Anesthesia Management in a Patient With a History of Fulminant Malignant Hyperthermia and a Homozygous RYR1 p.Arg530His Variant Undergoing Laparoscopic Surgery: A Case Report

Introduction

Malignant hyperthermia (MH) is an uncommon but potentially life-threatening inherited condition precipitated by exposure to volatile anesthetic agents or suxamethonium. These triggering agents cause uncontrolled calcium release from the sarcoplasmic reticulum in skeletal muscle, leading to a marked hypermetabolic response. Variants in the ryanodine receptor type 1 (RYR1) gene are recognized as the principal genetic basis of MH susceptibility [1–3]. Accordingly, individuals considered susceptible to MH are recommended to avoid known triggering agents and to undergo regional anesthesia or total intravenous anesthesia (TIVA) when general anesthesia is necessary [4,5].

Remimazolam is an ultra–short-acting benzodiazepine that has been approved in Japan since 2020 for both the induction and maintenance of general anesthesia, making it a potential alternative for TIVA [6]. Experimental in vitro data have shown that remimazolam does not elevate intracellular calcium levels in cells expressing MH-related RYR1 variants [7,8]. However, clinical experience with remimazolam in MH-susceptible patients remains limited. Most published reports involve patients with suspected MH susceptibility based on family history [9–12], whereas a few reports describing its use in individuals with genetically confirmed MH are scarce [11,13] or a documented personal history of MH [14].

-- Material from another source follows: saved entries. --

(* Let $\mathcal G$ be an ample groupoid and define the relation $\rho$ on $A_{\mathbb B}(\mathcal G)$ by $f\,\rho\,g$ iff $\operatorname{Eq}(f,g)=\{\alpha\in\mathcal G: f(\alpha)=g(\alpha)\}$ is dense in $\mathcal G$. Then (1) $\rho$ is a congruence on $A_{\mathbb B}(\mathcal G)$; (2) if in addition $\mathcal G$ is topologically principal, then $\rho$ coincides with the congruence $\equiv$ on $A_{\mathbb B}(\mathcal G)$.
   Context: $\mathbb B=(\{0,1\},\text{or},\text{and})$ is the Boolean semifield. An ample groupoid is a topological groupoid whose unit space $\mathcal G^{(0)}$ is locally compact Hausdorff and totally disconnected and whose source and range maps $s,r$ are local homeomorphisms ($\mathcal G$ need not be Hausdorff). The Steinberg algebra $A_{\mathbb B}(\mathcal G)$ is the set of $\mathbb B$-valued functions on $\mathcal G$ that are finite sums of characteristic functions $1_U$ of compact open bisections, with pointwise addition and convolution $(f*g)(\gamma)=\sum_{\alpha\beta=\gamma}f(\alpha)g(\beta)$. $\mathcal T$ is the set of units $u$ whose isotropy group $\{\gamma:s(\gamma)=r(\gamma)=u\}$ is trivial; $\mathcal G$ is topologically principal if $\mathcal T$ is dense in $\mathcal G^{(0)}$. The relation $\equiv$ is defined by $f\equiv g$ iff $f(\alpha)=g(\alpha)$ for all $\alpha$ with $s(\alpha),r(\alpha)\in\mathcal T$. A congruence is an equivalence relation compatible with addition and with left and right multiplication. *)

theory Defs
  imports "HOL-Analysis.Analysis"
begin

text \<open>A topological groupoid is given by a topology T on the arrows (carrier topspace T),
  a set of units G0, source s, range r, a partial multiplication mu (meaningful when
  s a = r b) and an inversion iv.\<close>

definition composable_pairs ::
  "'a topology \<Rightarrow> ('a \<Rightarrow> 'a) \<Rightarrow> ('a \<Rightarrow> 'a) \<Rightarrow> ('a \<times> 'a) set" where
  "composable_pairs T s r = {(a, b). a \<in> topspace T \<and> b \<in> topspace T \<and> s a = r b}"

definition groupoid ::
  "'a topology \<Rightarrow> 'a set \<Rightarrow> ('a \<Rightarrow> 'a) \<Rightarrow> ('a \<Rightarrow> 'a) \<Rightarrow> ('a \<Rightarrow> 'a \<Rightarrow> 'a) \<Rightarrow> ('a \<Rightarrow> 'a) \<Rightarrow> bool" where
  "groupoid T G0 s r mu iv \<longleftrightarrow>
     (let G = topspace T in
      G0 \<subseteq> G \<and>
      (\<forall>a\<in>G. s a \<in> G0 \<and> r a \<in> G0) \<and>
      (\<forall>u\<in>G0. s u = u \<and> r u = u) \<and>
      (\<forall>a\<in>G. \<forall>b\<in>G. s a = r b \<longrightarrow>
          mu a b \<in> G \<and> s (mu a b) = s b \<and> r (mu a b) = r a) \<and>
      (\<forall>a\<in>G. \<forall>b\<in>G. \<forall>c\<in>G. s a = r b \<and> s b = r c \<longrightarrow>
          mu (mu a b) c = mu a (mu b c)) \<and>
      (\<forall>a\<in>G. mu (r a) a = a \<and> mu a (s a) = a) \<and>
      (\<forall>a\<in>G. iv a \<in> G \<and> s (iv a) = r a \<and> r (iv a) = s a \<and>
          mu a (iv a) = r a \<and> mu (iv a) a = s a))"

definition topological_groupoid ::
  "'a topology \<Rightarrow> 'a set \<Rightarrow> ('a \<Rightarrow> 'a) \<Rightarrow> ('a \<Rightarrow> 'a) \<Rightarrow> ('a \<Rightarrow> 'a \<Rightarrow> 'a) \<Rightarrow> ('a \<Rightarrow> 'a) \<Rightarrow> bool" where
  "topological_groupoid T G0 s r mu iv \<longleftrightarrow>
     groupoid T G0 s r mu iv \<and>
     continuous_map (subtopology (prod_topology T T) (composable_pairs T s r)) T
        (\<lambda>(a, b). mu a b) \<and>
     continuous_map T T iv"

definition local_homeomorphism_map :: "'a topology \<Rightarrow> 'b topology \<Rightarrow> ('a \<Rightarrow> 'b) \<Rightarrow> bool" where
  "local_homeomorphism_map X Y f \<longleftrightarrow>
     f ` topspace X \<subseteq> topspace Y \<and>
     (\<forall>x\<in>topspace X. \<exists>U. openin X U \<and> x \<in> U \<and> openin Y (f ` U) \<and>
        homeomorphic_map (subtopology X U) (subtopology Y (f ` U)) f)"

definition totally_disconnected_space :: "'a topology \<Rightarrow> bool" where
  "totally_disconnected_space X \<longleftrightarrow>
     (\<forall>S. connectedin X S \<longrightarrow> (\<exists>x. S \<subseteq> {x}))"

definition ample_groupoid ::
  "'a topology \<Rightarrow> 'a set \<Rightarrow> ('a \<Rightarrow> 'a) \<Rightarrow> ('a \<Rightarrow> 'a) \<Rightarrow> ('a \<Rightarrow> 'a \<Rightarrow> 'a) \<Rightarrow> ('a \<Rightarrow> 'a) \<Rightarrow> bool" where
  "ample_groupoid T G0 s r mu iv \<longleftrightarrow>
     topological_groupoid T G0 s r mu iv \<and>
     locally_compact_space (subtopology T G0) \<and>
     Hausdorff_space (subtopology T G0) \<and>
     totally_disconnected_space (subtopology T G0) \<and>
     local_homeomorphism_map T (subtopology T G0) s \<and>
     local_homeomorphism_map T (subtopology T G0) r"

definition compact_open_bisection ::
  "'a topology \<Rightarrow> ('a \<Rightarrow> 'a) \<Rightarrow> ('a \<Rightarrow> 'a) \<Rightarrow> 'a set \<Rightarrow> bool" where
  "compact_open_bisection T s r U \<longleftrightarrow>
     openin T U \<and> compactin T U \<and> inj_on s U \<and> inj_on r U"

text \<open>Steinberg algebra over the Boolean semifield (values in bool, addition = or,
  multiplication = and): finite sums of characteristic functions of compact open bisections.\<close>
definition steinberg_B ::
  "'a topology \<Rightarrow> ('a \<Rightarrow> 'a) \<Rightarrow> ('a \<Rightarrow> 'a) \<Rightarrow> ('a \<Rightarrow> bool) set" where
  "steinberg_B T s r =
     {f. \<exists>F. finite F \<and> (\<forall>U\<in>F. compact_open_bisection T s r U) \<and>
            f = (\<lambda>x. \<exists>U\<in>F. x \<in> U)}"

definition B_add :: "('a \<Rightarrow> bool) \<Rightarrow> ('a \<Rightarrow> bool) \<Rightarrow> 'a \<Rightarrow> bool" where
  "B_add f g = (\<lambda>x. f x \<or> g x)"

text \<open>Convolution: (f*g)(\<gamma>) = sum over \<alpha>\<beta> = \<gamma> of f(\<alpha>)g(\<beta>), with Boolean sum = exists.\<close>
definition B_conv ::
  "'a topology \<Rightarrow> ('a \<Rightarrow> 'a) \<Rightarrow> ('a \<Rightarrow> 'a) \<Rightarrow> ('a \<Rightarrow> 'a \<Rightarrow> 'a) \<Rightarrow>
   ('a \<Rightarrow> bool) \<Rightarrow> ('a \<Rightarrow> bool) \<Rightarrow> 'a \<Rightarrow> bool" where
  "B_conv T s r mu f g = (\<lambda>\<gamma>. \<exists>\<alpha>\<in>topspace T. \<exists>\<beta>\<in>topspace T.
       s \<alpha> = r \<beta> \<and> mu \<alpha> \<beta> = \<gamma> \<and> f \<alpha> \<and> g \<beta>)"

definition congruence_on ::
  "'f set \<Rightarrow> ('f \<Rightarrow> 'f \<Rightarrow> 'f) \<Rightarrow> ('f \<Rightarrow> 'f \<Rightarrow> 'f) \<Rightarrow> ('f \<Rightarrow> 'f \<Rightarrow> bool) \<Rightarrow> bool" where
  "congruence_on A add mul R \<longleftrightarrow>
     (\<forall>f\<in>A. R f f) \<and>
     (\<forall>f\<in>A. \<forall>g\<in>A. R f g \<longrightarrow> R g f) \<and>
     (\<forall>f\<in>A. \<forall>g\<in>A. \<forall>h\<in>A. R f g \<and> R g h \<longrightarrow> R f h) \<and>
     (\<forall>f\<in>A. \<forall>g\<in>A. \<forall>h\<in>A. R f g \<longrightarrow>
        R (add f h) (add g h) \<and> R (mul h f) (mul h g) \<and> R (mul f h) (mul g h))"

definition rho_rel :: "'a topology \<Rightarrow> ('a \<Rightarrow> bool) \<Rightarrow> ('a \<Rightarrow> bool) \<Rightarrow> bool" where
  "rho_rel T f g \<longleftrightarrow> T closure_of {\<alpha> \<in> topspace T. f \<alpha> = g \<alpha>} = topspace T"

definition trivial_isotropy_units ::
  "'a topology \<Rightarrow> 'a set \<Rightarrow> ('a \<Rightarrow> 'a) \<Rightarrow> ('a \<Rightarrow> 'a) \<Rightarrow> 'a set" where
  "trivial_isotropy_units T G0 s r =
     {u \<in> G0. \<forall>\<gamma>\<in>topspace T. s \<gamma> = u \<and> r \<gamma> = u \<longrightarrow> \<gamma> = u}"

definition topologically_principal ::
  "'a topology \<Rightarrow> 'a set \<Rightarrow> ('a \<Rightarrow> 'a) \<Rightarrow> ('a \<Rightarrow> 'a) \<Rightarrow> bool" where
  "topologically_principal T G0 s r \<longleftrightarrow>
     (subtopology T G0) closure_of (trivial_isotropy_units T G0 s r) = G0"

definition equiv_T ::
  "'a topology \<Rightarrow> 'a set \<Rightarrow> ('a \<Rightarrow> 'a) \<Rightarrow> ('a \<Rightarrow> 'a) \<Rightarrow> ('a \<Rightarrow> bool) \<Rightarrow> ('a \<Rightarrow> bool) \<Rightarrow> bool" where
  "equiv_T T G0 s r f g \<longleftrightarrow>
     (\<forall>\<alpha>\<in>topspace T. s \<alpha> \<in> trivial_isotropy_units T G0 s r \<and>
                      r \<alpha> \<in> trivial_isotropy_units T G0 s r \<longrightarrow> f \<alpha> = g \<alpha>)"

Furthermore, reports involving patients with a documented history of fulminant MH and genetically confirmed susceptibility are particularly rare, and to our knowledge, cases involving a homozygous likely pathogenic RYR1 variant have not been well described. Here, we report the anesthetic management of a patient who experienced fulminant MH approximately 4 decades earlier and was subsequently confirmed to have MH susceptibility due to a homozygous likely pathogenic RYR1 p.Arg530His variant, in whom remimazolam-based TIVA was successfully performed.

Case Report

Written informed consent for publication of this case report and the accompanying images was obtained from the patient. An 80-year-old man (height 159 cm, weight 49 kg) was scheduled to undergo laparoscopic inguinal hernia repair. At the age of 39, during surgery for lumbar disc herniation, the patient developed fulminant malignant hyperthermia. After administration of suxamethonium, masseter muscle rigidity was observed. Following the administration of halothane, tachycardia (120 beats min−1) with ventricular premature contractions occurred, and body temperature gradually increased. Because MH was suspected, the surgery was terminated and active cooling was initiated. Despite these measures, his condition progressed, with tachycardia reaching 160 beats min−1, severe hyperthermia (41°C), metabolic acidosis (pH 7.0465, base excess −14.0 mmol L−1), and hypercapnia (PaCO2 58.8 mmHg). Cola-colored urine was observed, and the creatine kinase level peaked at 59 000 IU L−1 on postoperative day 1. He was treated with dantrolene, which was investigational in Japan at the time, and survived without sequelae. His Clinical Grading Scale score was retrospectively estimated at 68, corresponding to an MH rank of 6 (“almost certain”). Subsequently, a muscle biopsy was performed, and susceptibility to MH was confirmed using a Ca2+-induced Ca2+ release (CICR) test with skinned muscle fibers.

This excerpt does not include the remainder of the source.